Plaintiff also skirts over the fact that he seeks to assert causes of action against defendants that have already been dismissed (i.e., Ocwen and Provident Title Company [“Provident”] in the 7th and 13th causes of action and Jose Mares [“Mares”] in the 8th, 10th and 13th causes of action). On 11/7/17, the court sustained Defendants Ocwen’s and Provident’s respective demurrers to the Second Amended Complaint (“SAC”) without leave to amend. On 11/27/17, judgment was entered in favor of Ocwen. On 11/28/17, judgment was entered in favor of Provident. On 12/5/17, Ocwen filed and mail-served its “Notice of Entry of Judgment.” On 12/8/17, the court sustained Mares’ demurrer to the SAC without leave to amend. On 12/12/17, judgment was entered in favor of Mares. On 12/13/17, Provident filed its “Notice of Entry of Judgment;” it had been mail-served on 12/12/17. On 12/21/17, Mares filed his “Notice of Entry of Judgment;” it had been mail-served on 12/20/17. “Under CCP § 904.1(a), an appeal…may be taken ‘from a judgment.’” 13 Witkin, Cal. Proc. (2016) Appeal, § 95. While an order sustaining a demurrer as to all causes of action without leave to amend is not directly appealable, the judgment of dismissal that follows is immediately appealable. 5 Witkin, Cal. Proc. (2016) Pleading, § 997, citing Berri v. Superior Court (1955) 43 Cal.2d 856, 860. A trial court’s order dismissing an action is a final judgment. Chase v. Superior Court of Los Angeles County (1962) 210 Cal.App.2d 872.

Plaintiff’s jurisdictional deadline to file an appeal of the aforesaid judgments was “60 days after the party filing the notice of appeal serves or is served by a party with a document entitled ‘Notice of Entry’ of judgment or a filed-endorsed copy of the judgment, accompanied by proof of service,” as per CRC Rule 8.104(a)(1)(B), and these deadlines have since run.

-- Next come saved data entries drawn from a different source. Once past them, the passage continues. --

lemma arrows3_imp_three_mul_le:
  assumes "arrows3 n M"
  shows "3 * n \<le> M"
proof (rule ccontr)
  assume "\<not> 3 * n \<le> M"
  then have small: "M < 3 * n" by simp
  define c where "c X = card X div n" for X :: "nat set"
  have "\<forall>X\<in>bool_lat M. c X < 3"
  proof
    fix X assume "X \<in> bool_lat M"
    then have "card X \<le> M" unfolding bool_lat_def using card_mono[of "{..<M}" X] by simp
    with small show "c X < 3" unfolding c_def by (simp add: div_less_iff_less_mult mult.commute)
  qed
  with assms have "mono_copy n c M" by (rule arrows3D)
  then obtain f where f: "order_embedding (bool_lat n) (bool_lat M) f"
    and mono: "monochromatic c (f ` bool_lat n)"
    unfolding mono_copy_def induced_copy_iff_order_embedding by blast
  have "{} \<in> bool_lat n" "{..<n} \<in> bool_lat n" unfolding bool_lat_def by auto
  then have same: "c (f {}) = c (f {..<n})" using mono unfolding monochromatic_def by blast
  have "n \<noteq> 0" using small by auto
  then have "card (f {}) div n + 1 = (card (f {}) + n) div n" by (simp add: div_add_self2)
  also have "\<dots> \<le> card (f {..<n}) div n"
    using order_embedding_card_gap[OF f order_refl] by (rule div_le_mono)
  finally show False using same unfolding c_def by simp
qed

lemma card_interval_minus_two:
  assumes "finite D" "A \<subseteq> D" "y \<in> D - A" "z \<in> D - A" "y \<noteq> z"
  shows "card ((D - {z}) - (A \<union> {y})) = card (D - A) - 2"
proof -
  have "(D - {z}) - (A \<union> {y}) = (D - A) - {y, z}" by blast
  moreover have "card ((D - A) - {y, z}) = card (D - A) - 2"
    using assms by (subst card_Diff_subset) auto
  ultimately show ?thesis by simp
qed

lemma mono_copy_if_ends_coloured_differently:
  assumes "arrows3 n M" "\<not> rainbow_copy 2 c N"
    and "A \<subseteq> D" "D \<subseteq> {..<N}" "c A \<noteq> c D" "M + 2 \<le> card (D - A)"
  shows "mono_copy n c N"
proof -
  have "finite D" using assms(4) finite_subset by blast
  obtain y z where yz: "y \<in> D - A" "z \<in> D - A" "y \<noteq> z"
  proof -
    obtain Y where "Y \<subseteq> D - A" "card Y = 2" using obtain_subset_with_card_n assms(6)
      by (metis le_add2 order_trans)
    then show thesis using that by (auto simp: card_2_iff)
  qed
  define I where "I u v = {Z. A \<union> {u} \<subseteq> Z \<and> Z \<subseteq> D - {v}}" for u v
  have interval: "A \<union> {u} \<subseteq> D - {v}" "D - {v} \<subseteq> {..<N}"
      "M \<le> card ((D - {v}) - (A \<union> {u}))"
    if "u \<in> D - A" "v \<in> D - A" "u \<noteq> v" for u v
    using card_interval_minus_two[OF \<open>finite D\<close> assms(3) that] that assms(3,4,6) by auto
  show ?thesis
  proof (cases "c ` I z y \<subseteq> {c A, c D}")
    case True
    then have "card (c ` I z y) \<le> card {c A, c D}" by (simp add: card_mono)
    also have "\<dots> \<le> 3" by (simp add: card_insert_if)
    finally show ?thesis
      using mono_copy_if_interval_few_colours[OF assms(1) interval[of z y]] yz
      unfolding I_def by (simp add: insert_commute)
  next
    case False
    then obtain W where W: "W \<in> I z y" "c W \<noteq> c A" "c W \<noteq> c D" by blast
    have "c ` I y z \<subseteq> {c A, c D, c W}"
    proof
      fix C assume "C \<in> c ` I y z"
      then obtain P where P: "P \<in> I y z" "C = c P" by blast
      have "diamond A P W D" using P(1) W(1) yz unfolding I_def diamond_def by auto
      then have "\<not> distinct [c A, c P, c W, c D]"
        using diamond_not_rainbow[OF assms(2)] assms(4) by blast
      then show "C \<in> {c A, c D, c W}" using P(2) W(2,3) assms(5) by auto
    qed
    then have "card (c ` I y z) \<le> card {c A, c D, c W}" by (simp add: card_mono)
    also have "\<dots> \<le> 3" by (simp add: card_insert_if)
    finally show ?thesis
      using mono_copy_if_interval_few_colours[OF assms(1) interval[of y z]] yz
      unfolding I_def by simp
  qed
qed
(* Let $a,b\in\mathbb{M}_2$ with $0\le a,b\le 1$, $a\ne0,1$ and $b\neq 0,1$. Then $a$ and $b$ are strict, absolutely compatible and satisfy $ab\ne ba$ if, and only if, the following three properties hold: (1) $\det(a)>0$ and $\det(b)>0$; (2) $\operatorname{trace}(a)=1=\operatorname{trace}(b)$; (3) $\det(a\circ b)=0$.
   Context: $\mathbb{M}_2$ is the algebra of $2\times2$ complex matrices; $\operatorname{trace}$ is the non-normalized trace. For $x\in\mathbb{M}_2$, $|x|=(x^*x)^{1/2}$; $a\circ b=\frac12(ab+ba)$. Elements $0\le a,b\le 1$ are absolutely compatible if $|a-b|+|1-a-b|=1$. For positive $x$, $r(x)$ is its range projection. For $0\le a\le 1$: $s(a)=1-r(1-a)$ and $n(a)=1-r(a)$; a non-zero $0\le a\le 1$ is strict if $s(a)=0=n(a)$. *)

theory Defs
  imports "HOL-Analysis.Analysis" "HOL-Library.Complex_Order"
begin

type_synonym M2 = "complex^2^2"

definition adj :: "M2 \<Rightarrow> M2" where
  "adj x = (\<chi> i j. cnj (x $ j $ i))"

definition hermitian :: "M2 \<Rightarrow> bool" where
  "hermitian x \<longleftrightarrow> adj x = x"

definition psd :: "M2 \<Rightarrow> bool" where
  "psd x \<longleftrightarrow> hermitian x \<and>
     (\<forall>v :: complex^2. 0 \<le> (\<Sum>i\<in>UNIV. \<Sum>j\<in>UNIV. cnj (v $ i) * x $ i $ j * v $ j))"

definition effect :: "M2 \<Rightarrow> bool" where
  "effect a \<longleftrightarrow> psd a \<and> psd (mat 1 - a)"

definition mabs :: "M2 \<Rightarrow> M2" where
  "mabs x = (THE y. psd y \<and> y ** y = adj x ** x)"

definition jprod :: "M2 \<Rightarrow> M2 \<Rightarrow> M2" where
  "jprod a b = (\<chi> i j. (a ** b + b ** a) $ i $ j / 2)"

definition abs_compatible :: "M2 \<Rightarrow> M2 \<Rightarrow> bool" where
  "abs_compatible a b \<longleftrightarrow> mabs (a - b) + mabs (mat 1 - a - b) = mat 1"

definition rproj :: "M2 \<Rightarrow> M2" where
  "rproj x = (THE p. p ** p = p \<and> hermitian p \<and> range ((*v) p) = range ((*v) x))"

definition sproj :: "M2 \<Rightarrow> M2" where
  "sproj a = mat 1 - rproj (mat 1 - a)"

definition nproj :: "M2 \<Rightarrow> M2" where
  "nproj a = mat 1 - rproj a"

definition strict :: "M2 \<Rightarrow> bool" where
  "strict a \<longleftrightarrow> effect a \<and> a \<noteq> 0 \<and> sproj a = 0 \<and> nproj a = 0"

end

theory Submission
  imports Defs
begin

(* Every Hermitian 2x2 matrix is m 1 + x\<^sub>1 \<sigma>\<^sub>x + x\<^sub>2 \<sigma>\<^sub>y + x\<^sub>3 \<sigma>\<^sub>z with m real and x \<in> \<real>\<^sup>3;
   its eigenvalues are m \<plusminus> \<parallel>x\<parallel>.  Writing a = (s, x) and b = (t, y), strictness of a means
   \<parallel>x\<parallel> < min s (1 - s), and ab \<noteq> ba means x \<times> y \<noteq> 0.  The absolute values |a - b| and
   |1 - a - b| have vector parts proportional to x - y and x + y, so for non-parallel x, y
   absolute compatibility forces both scalar parts s - t and 1 - s - t to vanish and leaves
   \<parallel>x - y\<parallel> + \<parallel>x + y\<parallel> = 1.  With u = \<parallel>x + y\<parallel>, w = \<parallel>x - y\<parallel> and s = t = 1/2 one has
   16 det (a \<circ> b) = (1 + u\<^sup>2 - w\<^sup>2)\<^sup>2 - 4 u\<^sup>2 = (1 - u - w)(1 - u + w)(1 + u - w)(1 + u + w),
   and since u, w < 1 this vanishes iff u + w = 1; that equation in turn rules out
   parallel x, y. *)

unbundle cross3_syntax

definition bloch :: "real \<Rightarrow> real^3 \<Rightarrow> M2" where
  "bloch m x = (\<chi> i j.
     if i = 1 then (if j = 1 then Complex (m + x$3) 0 else Complex (x$1) (- x$2))
     else (if j = 1 then Complex (x$1) (x$2) else Complex (m - x$3) 0))"

lemma bloch_nth [simp]:
  "bloch m x $ 1 $ 1 = Complex (m + x$3) 0" "bloch m x $ 1 $ 2 = Complex (x$1) (- x$2)"
  "bloch m x $ 2 $ 1 = Complex (x$1) (x$2)" "bloch m x $ 2 $ 2 = Complex (m - x$3) 0"
  by (simp_all add: bloch_def)

lemma M2_eq_iff: "(A::M2) = B \<longleftrightarrow> A$1$1 = B$1$1 \<and> A$1$2 = B$1$2 \<and> A$2$1 = B$2$1 \<and> A$2$2 = B$2$2"
  by (auto simp: vec_eq_iff forall_2)

lemma M2_mult_nth [simp]: "((A::M2) ** B) $ i $ j = A$i$1 * B$1$j + A$i$2 * B$2$j"
  by (simp add: matrix_matrix_mult_def sum_2)

lemma vec3_eq_iff: "(x::real^3) = y \<longleftrightarrow> x$1 = y$1 \<and> x$2 = y$2 \<and> x$3 = y$3"
  by (auto simp: vec_eq_iff forall_3)

lemma power2_norm_vec3: "(norm (x::real^3))\<^sup>2 = (x$1)\<^sup>2 + (x$2)\<^sup>2 + (x$3)\<^sup>2"
  unfolding power2_norm_eq_inner by (simp add: inner_vec_def sum_3 power2_eq_square)

lemma inner_vec3: "(x::real^3) \<bullet> y = x$1 * y$1 + x$2 * y$2 + x$3 * y$3"
  by (simp add: inner_vec_def sum_3)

A trial court has power to allow amendment of pleadings at any time before entry of judgment. Bank of America v. Superior Court (1942) 20 Cal.2d 697, 702. CCP § 1049 provides that “[a]n action is deemed to be pending from the time of its commencement until its final determination upon appeal or until the time for appeal has passed, unless the judgment is sooner satisfied.” “When, by lapse of time for appeal or other direct attack on the judgment (e.g., motion for new trial, motion to vacate) it becomes final, the cause is no longer pending and the court has no further jurisdiction of the subject matter.” 3 Witkin, Cal. Proc. (2016), Jurisdiction, § 328, citing Mason & Associates, Inc. v. Guarantee Savings & Loan Assn. of Livermore Valley (1969) 269 Cal.App.2d 132, 133.

The motion, then, is denied.

[1] The motion was filed 2/13/18 and mail-served 2/12/18; the motion was timely filed, but should have been mail-served no later than 2/11/18.